あるいは、あまりにも賠償額の不確定要素が多いなら、約款で損害額の算定基準時を定めてしまうということも考えられます。
 

7 金銭債務の特則(民法第419条)
   (略)
(1) 要件の特則:不可抗力免責について
民法第419条第3項は,金銭債務の不履行について不可抗力免責を否定しているが,例えば,債務者が大震災の被害に遭った場合等,金銭債務においても不可抗力免責を認めることが妥当な場面が存在するとの批判がある。そこで,金銭債務の不履行について不可抗力免責を否定する民法第419条第3項を削除し,金銭債務の債務者にも債務不履行の一般則による免責の余地を認めることが望ましいという考え方があるが,どのように考えるか。

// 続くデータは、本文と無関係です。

(* Let $\mathbb{G}$ be a finite set of labeled temporal graphs with common label alphabet $\Sigma$, each having at least one temporal wedge and none having a vertex with two incident temporal edges of equal time stamp. Let $W$ be the number of non-equivalent labeled temporal wedges, let $\lambda\in\mathbb{R}_{>0}$ and $\delta\in(0,1)$, and set $s=\left\lceil\frac{\log(2\cdot|\mathbb{G}|\cdot W/\delta)}{2(\lambda/W)^2}\right\rceil$. Run the sampling algorithm below independently with sample size $s$ on every $\mathcal{G}\in\mathbb{G}$, producing vectors $\widetilde{\phi}_{\mathrm{TG}}(\mathcal{G})$. Then, with probability at least $1-\delta$, $$\sup_{\mathcal{G}_1,\mathcal{G}_2\in\mathbb{G}}\left|k_{\mathrm{TG}}(\mathcal{G}_1,\mathcal{G}_2)-\langle\widetilde{\phi}_{\mathrm{TG}}(\mathcal{G}_1),\widetilde{\phi}_{\mathrm{TG}}(\mathcal{G}_2)\rangle\right|\le 3\lambda.$$
   Context: A labeled temporal graph $\mathcal{G}=(V,\mathcal{E},l)$ has a finite node set $V$, a finite set $\mathcal{E}$ of directed temporal edges $(u,v,t)$ with $u\ne v\in V$, $t\in\mathbb{N}$, and a labeling $l\colon V\times\mathbb{N}\to\Sigma$. The degree $d(v)$ is the number of temporal edges incident to $v$ (incoming or outgoing). A temporal wedge centered at $v$ is an unordered pair $\{e,f\}$ of distinct temporal edges both incident to $v$; written in chronological order it is a sequence $g=((u_1,v_1,t_1),(u_2,v_2,t_2))$ with $t_1<t_2$. Its label is $l(g)=(l(u_1,t_1),l(v_1,t_1+1),l(u_2,t_2),l(v_2,t_2+1))$. Two such sequences $g=((u_i,v_i,t_i))_{i=1,2}$ and $g'=((u'_i,v'_i,t'_i))_{i=1,2}$ are equivalent if there is a bijection $\psi$ from the nodes of $g$ to those of $g'$ with $\psi(u_i)=u'_i$, $\psi(v_i)=v'_i$ for $i=1,2$, and $l(g)=l(g')$ (actual time stamps are ignored, only their order matters); $W$ is the number of equivalence classes (labeled wedge types). The total number of temporal wedges of $\mathcal{G}$ is $w=\sum_{v\in V}\binom{d(v)}{2}$. The normalized wedge feature vector $\phi_{\mathrm{TG}}(\mathcal{G})$ has one component per type $\tau$, equal to (number of temporal wedges of $\mathcal{G}$ of type $\tau$)$/w$, and the (normalized temporal graphlet wedge) kernel is $k_{\mathrm{TG}}(\mathcal{G}_1,\mathcal{G}_2)=\langle\phi_{\mathrm{TG}}(\mathcal{G}_1),\phi_{\mathrm{TG}}(\mathcal{G}_2)\rangle$. Sampling algorithm with sample size $s$: initialize $\widetilde{\phi}_{\mathrm{TG}}(\mathcal{G})$ to the zero vector; repeat $s$ times independently: sample a vertex $v$ with probability $p_v=\binom{d(v)}{2}/w$, then sample a pair $\{e,f\}$ of distinct edges incident to $v$ uniformly at random, let $\tau$ be the type of the temporal wedge $\{e,f\}$, and increase $\widetilde{\phi}_{\mathrm{TG}}(\mathcal{G})_\tau$ by $1/s$; output $\widetilde{\phi}_{\mathrm{TG}}(\mathcal{G})$. *)

theory Defs
  imports "HOL-Probability.Probability"
begin

type_synonym ('v, 'l) tgraph = "'v set \<times> ('v \<times> 'v \<times> nat) set \<times> ('v \<Rightarrow> nat \<Rightarrow> 'l)"

definition tg_nodes :: "('v, 'l) tgraph \<Rightarrow> 'v set" where
  "tg_nodes G = fst G"

definition tg_edges :: "('v, 'l) tgraph \<Rightarrow> ('v \<times> 'v \<times> nat) set" where
  "tg_edges G = fst (snd G)"

definition tg_label :: "('v, 'l) tgraph \<Rightarrow> 'v \<Rightarrow> nat \<Rightarrow> 'l" where
  "tg_label G = snd (snd G)"

definition edge_time :: "'v \<times> 'v \<times> nat \<Rightarrow> nat" where
  "edge_time e = snd (snd e)"

definition tgraph_wf :: "'l set \<Rightarrow> ('v, 'l) tgraph \<Rightarrow> bool" where
  "tgraph_wf Sig G \<longleftrightarrow> finite (tg_nodes G) \<and> finite (tg_edges G) \<and>
     (\<forall>(u, v, t) \<in> tg_edges G. u \<in> tg_nodes G \<and> v \<in> tg_nodes G \<and> u \<noteq> v) \<and>
     (\<forall>v \<in> tg_nodes G. \<forall>t. tg_label G v t \<in> Sig)"

definition incident :: "('v, 'l) tgraph \<Rightarrow> 'v \<Rightarrow> ('v \<times> 'v \<times> nat) set" where
  "incident G v = {e \<in> tg_edges G. fst e = v \<or> fst (snd e) = v}"

definition tdeg :: "('v, 'l) tgraph \<Rightarrow> 'v \<Rightarrow> nat" where
  "tdeg G v = card (incident G v)"

definition wedges_at :: "('v, 'l) tgraph \<Rightarrow> 'v \<Rightarrow> ('v \<times> 'v \<times> nat) set set" where
  "wedges_at G v = {{e, f} | e f. e \<noteq> f \<and> e \<in> incident G v \<and> f \<in> incident G v}"

definition total_wedges :: "('v, 'l) tgraph \<Rightarrow> nat" where
  "total_wedges G = (\<Sum>v \<in> tg_nodes G. tdeg G v choose 2)"

definition distinct_times :: "('v, 'l) tgraph \<Rightarrow> bool" where
  "distinct_times G \<longleftrightarrow> (\<forall>v \<in> tg_nodes G. \<forall>e \<in> incident G v. \<forall>f \<in> incident G v.
       e \<noteq> f \<longrightarrow> edge_time e \<noteq> edge_time f)"

definition chrono :: "('v \<times> 'v \<times> nat) set \<Rightarrow> ('v \<times> 'v \<times> nat) \<times> ('v \<times> 'v \<times> nat)" where
  "chrono P = (SOME (e, f). P = {e, f} \<and> edge_time e < edge_time f)"

definition chrono_wedge_seq :: "('v \<times> 'v \<times> nat) \<times> ('v \<times> 'v \<times> nat) \<Rightarrow> bool" where
  "chrono_wedge_seq g = (case g of ((u1, v1, t1), (u2, v2, t2)) \<Rightarrow>
     u1 \<noteq> v1 \<and> u2 \<noteq> v2 \<and> t1 < t2 \<and> {u1, v1} \<inter> {u2, v2} \<noteq> {})"

text \<open>Node-identity pattern of a list of nodes: each node is replaced by the index of
  its first occurrence among the distinct nodes.  Two lists admit a bijection psi
  mapping one onto the other positionwise iff their patterns coincide.\<close>
definition node_pattern :: "'v list \<Rightarrow> nat list" where
  "node_pattern xs = map (\<lambda>x. length (takeWhile (\<lambda>y. y \<noteq> x) (remdups xs))) xs"

text \<open>Canonical invariant of the equivalence class (labeled wedge type) of a
  chronological wedge sequence g under labeling l: node pattern and label l(g).\<close>
definition wedge_key :: "('v \<Rightarrow> nat \<Rightarrow> 'l) \<Rightarrow> ('v \<times> 'v \<times> nat) \<times> ('v \<times> 'v \<times> nat)
    \<Rightarrow> nat list \<times> 'l list" where
  "wedge_key l g = (case g of ((u1, v1, t1), (u2, v2, t2)) \<Rightarrow>
     (node_pattern [u1, v1, u2, v2], [l u1 t1, l v1 (t1 + 1), l u2 t2, l v2 (t2 + 1)]))"

definition wedge_types :: "'l set \<Rightarrow> (nat list \<times> 'l list) set" where
  "wedge_types Sig = {wedge_key l g | (l :: nat \<Rightarrow> nat \<Rightarrow> 'l) g.
      (\<forall>x t. l x t \<in> Sig) \<and> chrono_wedge_seq g}"

definition num_types :: "'l set \<Rightarrow> nat" where
  "num_types Sig = card (wedge_types Sig)"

保険料の収受に関して影響があるかもしれません。現在は、約款上は保険料の支払いについて不可抗力免責を規定していませんが、実務上は災害救助法が適用された地区について保険料の支払いを一時的に猶予する運用を行っています。
民法で不可抗力免責を規定することになれば、約款にも不可抗力免責を規定することになるかもしれません。また、その適用について災害救助法適用時だけで充分かどうかについても業界内あるいは保険会社内で検討・議論されて見直されるかもしれません。
 

7 金銭債務の特則(民法第419条)
   (略)
(2) 効果の特則:利息超過損害の賠償について
民法第419条第1項は,金銭債務の不履行の場合において,法定利率あるいは約定利率により損害賠償の額を定めるとしているところ,判例は,これらの利息を超過する損害の賠償を否定している(最判昭和48年10月11日判例時報723号44頁)。この点については,利息超過損害の損害額が多額に及ぶ事案もあり得るところ,その損害の立証が容易な事案についてまで,一律に利息超過損害の賠償を否定することは不合理であるなどの批判がされている。そこで,金銭債務の不履行について利息超過損害の賠償を認めることが望ましいとの考え方があるが,どのように考えるか。

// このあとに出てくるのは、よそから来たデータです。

(* Let $p$ be a prime and $N$ an integer with $p^2>N\ge1$. The linear complexity $L_p(N)$ of the sequence $q_p(u)$, $u=0,\ldots,N-1$ (viewed as elements of $\mathbb{F}_p$), satisfies $$L_p(N)\ge\frac12\min\{p-1,\,N-p-1\}.$$
   Context: For a prime $p$ and an integer $u$ with $\gcd(u,p)=1$, the Fermat quotient $q_p(u)$ is the unique integer with $q_p(u)\equiv (u^{p-1}-1)/p \pmod p$ and $0\le q_p(u)\le p-1$; also $q_p(kp)=0$ for all $k\in\mathbb{Z}$. The linear complexity of an $N$-element sequence $s_0,\ldots,s_{N-1}$ in a ring $\mathcal{R}$ is the smallest $L$ such that $s_{u+L}=c_{L-1}s_{u+L-1}+\cdots+c_0s_u$ for all $0\le u\le N-L-1$, for some $c_0,\ldots,c_{L-1}\in\mathcal{R}$. *)

theory Defs
  imports "HOL-Number_Theory.Number_Theory"
begin

definition fermat_quotient :: "nat \<Rightarrow> int \<Rightarrow> int" where
  "fermat_quotient p u =
     (if int p dvd u then 0
      else ((u ^ (p - 1) - 1) div int p) mod int p)"

definition lin_rec_mod :: "int \<Rightarrow> (nat \<Rightarrow> int) \<Rightarrow> nat \<Rightarrow> nat \<Rightarrow> bool" where
  "lin_rec_mod m s N L \<longleftrightarrow>
     (\<exists>c :: nat \<Rightarrow> int. \<forall>u. u + L + 1 \<le> N \<longrightarrow>
        [s (u + L) = (\<Sum>j<L. c j * s (u + j))] (mod m))"

definition linear_complexity_mod :: "int \<Rightarrow> (nat \<Rightarrow> int) \<Rightarrow> nat \<Rightarrow> nat" where
  "linear_complexity_mod m s N = (LEAST L. lin_rec_mod m s N L)"

end

theory Submission
  imports Defs "HOL-Computational_Algebra.Polynomial"
begin

text \<open>Expanding (v + p)^(p-1) modulo p^2 gives q_p(v + p) \<equiv> q_p(v) - 1/v (mod p) for p \<not>| v.
  Hence the differences t(v) = s(v + p) - s(v) of the sequence s(u) = q_p(u) are the negated
  inverses -1/v modulo p for 1 \<le> v < p, and t satisfies every linear recurrence of s on a
  window shortened by p. A recurrence c of order L for the inverses, valid at 1, ..., L + 1,
  says that the polynomial obtained from \<Sum>j<L. c_j/(x + j) - 1/(x + L) by clearing denominators,
  which has degree at most L, vanishes at L + 1 distinct residues; so it vanishes identically
  mod p. Evaluating it at x = -L gives \<Prod>j<L. (j - L) \<noteq> 0 mod p, a contradiction as soon as
  2L + 1 < p and the window contains 2L + 2 + p terms.\<close>

lemma power_Suc_add_expansion:
  fixes v a :: "'a::comm_ring_1"
  shows "\<exists>K. (v + a) ^ Suc n = v ^ Suc n + of_nat (Suc n) * a * v ^ n + a\<^sup>2 * K"
proof (induction n)
  case 0
  show ?case by (intro exI[of _ 0]) simp
next
  case (Suc n)
  then obtain K where "(v + a) ^ Suc n = v ^ Suc n + of_nat (Suc n) * a * v ^ n + a\<^sup>2 * K"
    by blast
  then have "(v + a) ^ Suc (Suc n) = v ^ Suc (Suc n) + of_nat (Suc (Suc n)) * a * v ^ Suc n
      + a\<^sup>2 * (v * K + of_nat (Suc n) * v ^ n + a * K)"
    by (simp add: algebra_simps power2_eq_square)
  then show ?case by blast
qed

lemma fermat_theorem_of_nat:
  assumes "prime p" and "\<not> p dvd v"
  shows "[int v ^ (p - 1) = 1] (mod int p)"
  using fermat_theorem[OF assms] by (metis cong_int_iff of_nat_1 of_nat_power)

lemma fermat_quotient_cong:
  assumes "prime p" and "\<not> p dvd v"
  shows "[int p * fermat_quotient p (int v) = int v ^ (p - 1) - 1] (mod (int p)\<^sup>2)"
proof -
  obtain Q where Q: "int v ^ (p - 1) - 1 = int p * Q"
    using fermat_theorem_of_nat[OF assms] by (metis cong_iff_dvd_diff dvd_def)
  have "int p * fermat_quotient p (int v) = int p * (Q mod int p)"
    using assms(2) prime_gt_0_nat[OF assms(1)] unfolding fermat_quotient_def Q by simp
  also have "\<dots> = int p * Q - (int p)\<^sup>2 * (Q div int p)"
    by (simp add: minus_div_mult_eq_mod[symmetric] power2_eq_square algebra_simps)
  finally show ?thesis
    unfolding Q by (simp add: cong_iff_dvd_diff)
qed

lemma fermat_quotient_add_prime:
  assumes p: "prime p" and v: "\<not> p dvd v"
  shows "[(fermat_quotient p (int (v + p)) - fermat_quotient p (int v)) * int v = -1] (mod int p)"
proof -
  have e: "Suc (p - 2) = p - 1" and p1: "int (p - 1) = int p - 1"
    using prime_ge_2_nat[OF p] by auto
  obtain K where K: "int (v + p) ^ (p - 1)
      = int v ^ (p - 1) + (int p - 1) * int p * int v ^ (p - 2) + (int p)\<^sup>2 * K"
    using power_Suc_add_expansion[of "int v" "int p" "p - 2"] unfolding e p1 by auto
  have vp: "\<not> p dvd v + p"
    using v by (simp add: dvd_add_left_iff)
  have "int p * ((fermat_quotient p (int (v + p)) - fermat_quotient p (int v)) * int v + 1)
      = (int p * fermat_quotient p (int (v + p)) - int p * fermat_quotient p (int v)) * int v + int p"
    by (simp add: algebra_simps)
  also have "[\<dots> = ((int (v + p) ^ (p - 1) - 1) - (int v ^ (p - 1) - 1)) * int v + int p] (mod (int p)\<^sup>2)"
    using fermat_quotient_cong[OF p vp] fermat_quotient_cong[OF p v]
    by (intro cong_add cong_scalar_right cong_diff) auto
  also have "((int (v + p) ^ (p - 1) - 1) - (int v ^ (p - 1) - 1)) * int v + int p
      = (int p)\<^sup>2 * (int v ^ (p - 1) + K * int v) - int p * (int v ^ (p - 1) - 1)"
    using power_Suc[of "int v" "p - 2"] unfolding K e by (simp add: algebra_simps power2_eq_square)
  also have "[\<dots> = 0] (mod (int p)\<^sup>2)"
    using fermat_theorem_of_nat[OF p v]
    by (simp add: cong_0_iff cong_iff_dvd_diff power2_eq_square)
  finally have "int p dvd (fermat_quotient p (int (v + p)) - fermat_quotient p (int v)) * int v + 1"
    using prime_gt_0_nat[OF p] by (simp add: cong_0_iff power2_eq_square)
  then show ?thesis
    by (simp add: cong_iff_dvd_diff)
qed

lemma prime_dvd_poly_if_many_roots:
  fixes h :: "int poly"
  assumes "prime p" "S \<subseteq> {0..<p}" "degree h < card S" "\<forall>x\<in>S. p dvd poly h x"
  shows "p dvd poly h y"
  using assms(2-4)
proof (induction "degree h" arbitrary: h S y rule: less_induct)
  case (less h S)
  then obtain x0 where x0: "x0 \<in> S"
    by (metis card.empty equals0I not_less0)
  define q where "q = synthetic_div h x0"
  have h_split: "poly h y = (y - x0) * poly q y + poly h x0" for y
  proof -
    have "poly h y = poly ([:-x0, 1:] * q + [:poly h x0:]) y"
      unfolding q_def synthetic_div_correct' ..
    then show ?thesis
      by (simp add: algebra_simps)
  qed
  have h_x0: "p dvd poly h x0"
    using less.prems x0 by auto
  show ?case
  proof (cases "degree h = 0")
    case True
    then obtain c where "h = [:c:]"
      by (rule degree_eq_zeroE)
    then show ?thesis
      using h_x0 by simp
  next
    case False
    have deg_q: "degree q < degree h" "degree q < card (S - {x0})"
      using False less.prems x0 by (simp_all add: q_def degree_synthetic_div card_Diff_singleton)
    have "p dvd poly q x" if x: "x \<in> S - {x0}" for x
    proof -
      have "p dvd (x - x0) * poly q x"
        using h_split[of x] dvd_diff[of p "poly h x" "poly h x0"] less.prems x h_x0 by auto
      moreover have "\<not> p dvd (x - x0)"
      proof
        assume dvd: "p dvd x - x0"
        have "x \<in> {0..<p}" "x0 \<in> {0..<p}" "x - x0 \<noteq> 0"
          using x x0 less.prems(1) by auto
        then show False
          using dvd_imp_le_int[OF _ dvd] by auto
      qed
      ultimately show ?thesis
        using assms(1) prime_dvd_mult_iff by blast
    qed
    then have "p dvd poly q y"
      using less.hyps[OF deg_q(1), of "S - {x0}"] less.prems deg_q(2) by auto
    then show ?thesis
      using h_split[of y] h_x0 by simp
  qed
qed

text \<open>(\<Prod>i\<le>L. x + i) \<cdot> (1/(x + L) - \<Sum>j<L. c j/(x + j)), written without denominators.\<close>

definition cleared_recurrence_poly :: "nat \<Rightarrow> (nat \<Rightarrow> int) \<Rightarrow> int poly" where
  "cleared_recurrence_poly L c =
     (\<Prod>i<L. [:int i, 1:]) - (\<Sum>j<L. smult (c j) (\<Prod>i\<in>{0..L} - {j}. [:int i, 1:]))"

lemma degree_cleared_recurrence_poly: "degree (cleared_recurrence_poly L c) \<le> L"
  unfolding cleared_recurrence_poly_def
proof (rule degree_diff_le)
  have deg: "degree (\<Prod>i\<in>I. [:int i, 1:]) \<le> card I" if "finite I" for I :: "nat set"
    using degree_prod_sum_le[OF that, of "\<lambda>i. [:int i, 1:]"] by (simp add: o_def)
  show "degree (\<Prod>i<L. [:int i, 1:]) \<le> L"
    using deg[of "{..<L}"] by simp
  show "degree (\<Sum>j<L. smult (c j) (\<Prod>i\<in>{0..L} - {j}. [:int i, 1:])) \<le> L"
  proof (intro degree_sum_le order.trans[OF degree_smult_le])
    fix j assume "j \<in> {..<L}"
    then show "degree (\<Prod>i\<in>{0..L} - {j}. [:int i, 1:]) \<le> L"
      using deg[of "{0..L} - {j}"] by simp
  qed simp
qed

lemma poly_cleared_recurrence_poly:
  "poly (cleared_recurrence_poly L c) x =
     (\<Prod>i\<in>{0..L} - {L}. x + int i) - (\<Sum>j<L. c j * (\<Prod>i\<in>{0..L} - {j}. x + int i))"
proof -
  have "{0..L} - {L} = {..<L}"
    by auto
  then show ?thesis
    by (simp add: cleared_recurrence_poly_def poly_prod poly_sum add.commute)
qed

lemma cleared_recurrence_poly_root:
  assumes inverse: "\<And>j. j \<le> L \<Longrightarrow> [t j * (x + int j) = -1] (mod m)"
    and recurrence: "[t L = (\<Sum>j<L. c j * t j)] (mod m)"
  shows "[poly (cleared_recurrence_poly L c) x = 0] (mod m)"
proof -
  define P where "P = (\<lambda>j. \<Prod>i\<in>{0..L} - {j}. x + int i)"
  define Q where "Q = (\<Prod>i\<in>{0..L}. x + int i)"
  have t_Q: "[P j = - (t j * Q)] (mod m)" if "j \<le> L" for j
  proof -
    have "Q = (x + int j) * P j"
      unfolding Q_def P_def using that by (subst prod.remove[of _ j]) auto
    then have "- (t j * Q) = - (t j * (x + int j)) * P j"
      by (simp add: mult.assoc)
    also have "[\<dots> = - (-1) * P j] (mod m)"
      using inverse[OF that] by (intro cong_scalar_right cong_minus_minus_iff[THEN iffD2])
    finally show ?thesis
      by (simp add: cong_sym_eq)
  qed
  have "poly (cleared_recurrence_poly L c) x = P L - (\<Sum>j<L. c j * P j)"
    unfolding poly_cleared_recurrence_poly P_def ..
  also have "[\<dots> = - (t L * Q) - (\<Sum>j<L. c j * - (t j * Q))] (mod m)"
    using t_Q by (intro cong_diff cong_sum cong_scalar_left) auto
  also have "- (t L * Q) - (\<Sum>j<L. c j * - (t j * Q)) = - (t L - (\<Sum>j<L. c j * t j)) * Q"
    by (simp add: sum_distrib_left sum_negf algebra_simps)
  also have "[\<dots> = - 0 * Q] (mod m)"
    using recurrence by (intro cong_scalar_right cong_minus_minus_iff[THEN iffD2]) (simp add: cong_iff_dvd_diff)
  finally show ?thesis
    by simp
qed

lemma poly_cleared_recurrence_poly_at_minus:
  "poly (cleared_recurrence_poly L c) (- int L) = (\<Prod>i<L. int i - int L)"
proof -
  have "(\<Sum>j<L. c j * (\<Prod>i\<in>{0..L} - {j}. int i - int L)) = 0"
    by (intro sum.neutral ballI mult_eq_0_iff[THEN iffD2] disjI2 prod_zero bexI[of _ L]) auto
  moreover have "{0..L} - {L} = {..<L}"
    by auto
  ultimately show ?thesis
    by (simp add: poly_cleared_recurrence_poly)
qed

lemma no_short_recurrence_for_inverses:
  fixes p L :: nat and t c :: "nat \<Rightarrow> int"
  assumes p: "prime p" and L: "2 * L + 1 < p"
    and inverse: "\<And>v. 1 \<le> v \<Longrightarrow> v \<le> 2 * L + 1 \<Longrightarrow> [t v * int v = -1] (mod int p)"
    and recurrence: "\<And>u. 1 \<le> u \<Longrightarrow> u \<le> L + 1 \<Longrightarrow>
      [t (u + L) = (\<Sum>j<L. c j * t (u + j))] (mod int p)"
  shows False
proof -
  let ?H = "cleared_recurrence_poly L c"
  have "int p dvd poly ?H (int u)" if u: "1 \<le> u" "u \<le> L + 1" for u
  proof -
    have "[poly ?H (int u) = 0] (mod int p)"
      using inverse[of "u + _"] recurrence[OF u] u
      by (intro cleared_recurrence_poly_root[where t = "\<lambda>j. t (u + j)"]) (auto simp: add.commute)
    then show ?thesis
      by (simp add: cong_0_iff)
  qed
  then have "int p dvd poly ?H (- int L)"
    using L degree_cleared_recurrence_poly[of L c] prime_nat_int_transfer[THEN iffD2, OF p]
    by (intro prime_dvd_poly_if_many_roots[where S = "int ` {1..L + 1}"]) (auto simp: card_image)
  then obtain j where "j < L" "int p dvd int j - int L"
    using p by (auto simp: poly_cleared_recurrence_poly_at_minus prime_dvd_prod_iff)
  then have "p dvd L - j"
    by (metis dvd_diff_commute int_dvd_int_iff less_imp_le_nat of_nat_diff)
  then show False
    using \<open>j < L\<close> L by (auto dest: dvd_imp_le)
qed

lemma lin_rec_mod_linear_complexity:
  "lin_rec_mod m s N (linear_complexity_mod m s N)"
proof -
  have "lin_rec_mod m s N N"
    unfolding lin_rec_mod_def by auto
  then show ?thesis
    unfolding linear_complexity_mod_def by (rule LeastI)
qed

lemma recurrence_shift_difference:
  fixes s c :: "nat \<Rightarrow> 'a::unique_euclidean_ring"
  assumes "\<And>u. u + L + 1 \<le> N \<Longrightarrow> [s (u + L) = (\<Sum>j<L. c j * s (u + j))] (mod m)"
    and "u + k + L + 1 \<le> N"
  shows "[s (u + L + k) - s (u + L) = (\<Sum>j<L. c j * (s (u + j + k) - s (u + j)))] (mod m)"
proof -
  have "[s (u + k + L) - s (u + L)
      = (\<Sum>j<L. c j * s (u + k + j)) - (\<Sum>j<L. c j * s (u + j))] (mod m)"
    using assms(1)[of "u + k"] assms(1)[of u] assms(2) by (intro cong_diff) auto
  then show ?thesis
    by (simp add: sum_subtractf right_diff_distrib ac_simps)
qed

theorem theorem13:
  fixes p N :: nat
  assumes "prime p" and "1 \<le> N" and "N < p ^ 2"
  shows "2 * real (linear_complexity_mod (int p) (\<lambda>u. fermat_quotient p (int u)) N)
           \<ge> min (real p - 1) (real N - real p - 1)"
proof (rule ccontr)
  define s where "s = (\<lambda>u. fermat_quotient p (int u))"
  define L where "L = linear_complexity_mod (int p) s N"
  assume "\<not> ?thesis"
  then have L_small: "2 * L + 1 < p" "2 * L + 2 + p \<le> N"
    unfolding s_def[symmetric] L_def[symmetric] by linarith+
  obtain c where c: "\<And>u. u + L + 1 \<le> N \<Longrightarrow> [s (u + L) = (\<Sum>j<L. c j * s (u + j))] (mod int p)"
    using lin_rec_mod_linear_complexity[of "int p" s N] unfolding L_def[symmetric] lin_rec_mod_def
    by blast
  show False
  proof (rule no_short_recurrence_for_inverses[OF \<open>prime p\<close> L_small(1)])
    fix v assume "1 \<le> v" "v \<le> 2 * L + 1"
    then have "\<not> p dvd v"
      using L_small(1) by (auto dest: dvd_imp_le)
    then show "[(s (v + p) - s v) * int v = -1] (mod int p)"
      unfolding s_def by (rule fermat_quotient_add_prime[OF \<open>prime p\<close>])
  next
    fix u assume "1 \<le> u" "u \<le> L + 1"
    then show "[s (u + L + p) - s (u + L) = (\<Sum>j<L. c j * (s (u + j + p) - s (u + j)))] (mod int p)"
      using L_small(2) by (intro recurrence_shift_difference[OF c]) auto
  qed
qed

end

こちらも「(1) 要件の特則:不可抗力免責について」の続きの話になりますが、貯蓄性のある保険(損保なら積立保険)における約款貸付−契約者貸付・自動振替貸付−の適用利率をどうするのか?という話になります。これも既に運用ベースでは行われていることかと思います。
(1)と同様に民法で不可抗力免責を規定することになれば、災害時の約款貸付の適用利率は法定利率が上限ということを約款で規定することになろうかと思います。
 

債務不履行解除の不履行態様等に関する要件の整序(民法第541条から第543条まで)
   (略)
(1) 民法第541条「債務を履行しない場合」の限定の要否
現行民法は,第541条において,「債務を履行しない場合」に催告の上,解除できると規定しており,伝統的理論は,これを主に履行遅滞に関する規定と理解しているところ,同条は,履行しない「債務」の内容を何ら限定していない。しかし,判例は,付随的義務等の義務違反の場合には,解除の効力を否定しており,条文の文言と裁判実務上の取扱いが必ずしも整合していない状況にある。
そこで,条文の文言と裁判実務上の取扱いのそごを是正するとともに,同条による解除が認められる場面を適切に規律する要件(例えば,「重大な不履行(義務違反)」等の要件)を設けることが望ましいという考え方があるが,どのように考えるか。

保険料不払の場合の契約解除は、このあたりが根拠となっていると私は思っているのですが、その根拠となる部分が変われば約款も変えざるを得ないかもしれません。現状では保険料について完全履行をしなければ契約解除できる規定になっています。つまり、一部入金や追加保険料の不払いは、契約解除の対象となります。もしも、一部入金を是とすることになれば、大変な影響が考えられます。
また、無催告解除を規定するかどうかについても検討事項に挙げられています。無催告解除については、「催告なしの保険料不払失効の否定」(2009.10.5)にて書いたとおり、最近保険においても話題になりました。